I was supposed to read a book. This book. I was a gleeful participant in Lil Sass's TJCTR Bookclub. I was the one who suggested the time line/due date of reading the book by today. Plenty of time. Easy Peasy. I'm constantly reading. I can read a couple books a week.
And it's not like I haven't quite finished it, or I never got into it, or whatever.
I haven't even cracked the cover.
The slightly redeemable aspect is that I haven't read ANYTHING in the last month, as opposed to times past when I've read all kinds of things, just NOT the book I was supposed to. Although. I haven't read anything this month. The fuck? I haven't been doing anything this month. What have I been doing? I usually read at night, in bed. What have I been doing instead?

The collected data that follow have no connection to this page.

(* Let $m\ge2$. For every $P_0\in\mathfrak P$ and every neighborhood $\mathcal O\subseteq\mathbb R^{nm\times n}$ of $P_0$ there exist $P_1,P_2\in\mathcal O\cap\mathfrak P$ such that $\operatorname{rank}[E-\gamma P_1,\ E-\gamma P_2]=2n-1$; equivalently, $$\operatorname{span}(E-\gamma P_1)\cap\operatorname{span}(E-\gamma P_2)=\operatorname{span}(\mathbf 1_{nm}).$$
   Context: $n,m\ge1$ integers, $\gamma\in(0,1)$. $\mathfrak P$ is the set of matrices $P\in\mathbb R^{nm\times n}$ with nonnegative entries and rows summing to one (rows indexed by state-action pairs ordered as $(s_1,a_1),\dots,(s_n,a_1),(s_1,a_2),\dots,(s_n,a_m)$). $E=[I_n,\dots,I_n]^\top\in\mathbb R^{nm\times n}$. $\operatorname{span}(B)$ denotes the column span of $B$; $\mathbf 1_{nm}$ is the all-ones vector. *)

theory Defs
  imports "HOL-Analysis.Analysis"
begin

text \<open>States are the finite type 's (n = CARD('s)), actions the finite type 'a
  (m = CARD('a)). Matrices in R^{nm x n} are real^'s^('s \<times> 'a): rows are indexed by
  state-action pairs (s,a), columns by states.\<close>

definition stoch_mats :: "(real^'s::finite^('s \<times> 'a::finite)) set" where
  "stoch_mats = {P. (\<forall>i j. 0 \<le> P $ i $ j) \<and> (\<forall>i. (\<Sum>j\<in>UNIV. P $ i $ j) = 1)}"

text \<open>E = [I_n, ..., I_n]^T: row (s,a) is the s-th unit vector.\<close>
definition E_mat :: "real^'s::finite^('s \<times> 'a::finite)" where
  "E_mat = (\<chi> i j. if fst i = j then 1 else 0)"

definition hcat :: "real^'n^'m \<Rightarrow> real^'k^'m \<Rightarrow> real^('n + 'k)^'m" where
  "hcat A B = (\<chi> i j. case j of Inl j' \<Rightarrow> A $ i $ j' | Inr j' \<Rightarrow> B $ i $ j')"

definition col_span :: "real^'n^'m \<Rightarrow> (real^'m) set" where
  "col_span A = span (columns A)"

end

theory Submission
  imports Defs
begin

text \<open>For stochastic P the map x \<mapsto> (E - \<gamma>P) x is injective, because a solution of
  z = \<gamma> P z restricted to the rows of one action is a fixpoint of a max-norm contraction; so
  both column spans have dimension n, and both contain 1 = (E - \<gamma>P) 1 / (1 - \<gamma>). Fix
  actions a1 \<noteq> a2 and move the a2-rows of P0 by the same small amount towards e_s (for P1)
  and towards a fixed e_s0 (for P2). If (E - \<gamma>P1) x = (E - \<gamma>P2) y, the a1-rows, on
  which P1 and P2 agree, force x = y, and then the a2-rows force x_s = x_s0 for all s. Hence
  the spans meet in span 1, and Grassmann's formula gives the rank n + n - 1.\<close>

lemma E_mat_minus_mult_vec_nth:
  fixes P :: "real^'s::finite^('s \<times> 'a::finite)"
  shows "((E_mat - \<gamma> *\<^sub>R P) *v x) $ i = x $ fst i - \<gamma> * (\<Sum>j\<in>UNIV. P$i$j * x$j)"
proof -
  have "((E_mat - \<gamma> *\<^sub>R P) *v x) $ i
      = (\<Sum>j\<in>UNIV. (if fst i = j then 1 else 0) * x$j - \<gamma> * (P$i$j * x$j))"
    by (simp add: matrix_vector_mult_def E_mat_def algebra_simps)
  also have "\<dots> = x $ fst i - \<gamma> * (\<Sum>j\<in>UNIV. P$i$j * x$j)"
    by (simp add: sum_subtractf sum_distrib_left if_distrib[of "\<lambda>c. c * _"] cong: if_cong)
  finally show ?thesis .
qed

lemma E_mat_minus_mult_vec_one:
  fixes P :: "real^'s::finite^('s \<times> 'a::finite)"
  assumes "P \<in> stoch_mats"
  shows "(E_mat - \<gamma> *\<^sub>R P) *v vec 1 = (1 - \<gamma>) *\<^sub>R vec 1"
  using assms unfolding stoch_mats_def by (simp add: vec_eq_iff E_mat_minus_mult_vec_nth)

lemma col_span_eq_range:
  fixes A :: "real^'n^'m"
  shows "col_span A = range ((*v) A)"
proof
  show "col_span A \<subseteq> range ((*v) A)"
    unfolding col_span_def
    by (rule span_minimal) (auto simp: columns_image_basis
        intro: linear_subspace_image[OF matrix_vector_mul_linear subspace_UNIV])
  show "range ((*v) A) \<subseteq> col_span A"
    unfolding col_span_def using matrix_vector_mult_in_columnspace by blast
qed

lemma columns_hcat: "columns (hcat A B) = columns A \<union> columns B"
proof -
  have Inl: "column (Inl k) (hcat A B) = column k A" for k
    by (simp add: column_def hcat_def)
  have Inr: "column (Inr k) (hcat A B) = column k B" for k
    by (simp add: column_def hcat_def)
  show ?thesis
    unfolding columns_def
    by (auto simp: Inl[symmetric] Inr[symmetric]) (metis Inl Inr sum.exhaust)
qed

I still don't have internet at home, so not that.
I'm still involuntarily celibate, so not that.
I still don't don't have cable, so not that.
I still haven't touched my knitting or my crafts, so not that.
Seriously? Where have I been?
For the past month or so I've been going to bed at around 8 o'clock. 9 if I'm really pushing it. Earlier than 8 if I can get Gabe to fall asleep. I haven't been waking up any earlier, if you're wondering. I've just been sleeping for 10 hours a night. And taking naps on the weekends. And sitting at work, totally exhausted, guzzling coffee. Coffee which does nothing for me, as I still drag myself home, aimlessly throw dinner together, commence with getting Gabey ready for bedtime, and fall asleep as soon as my head hits the pillow. Then wake up the next day, just as exhausted.
Yesterday morning I had a dentist appointment, so I got to sleep in an extra hour and a half, and have a more relaxed morning. I went to bed at 9 the night before, slept until 730, and couldn't peel myself out of bed.
Lil Sass, honey, darling, love.
I failed. I suck. I didn't even try to read the book. Let alone on time.
I'm just so tired you see. All the time.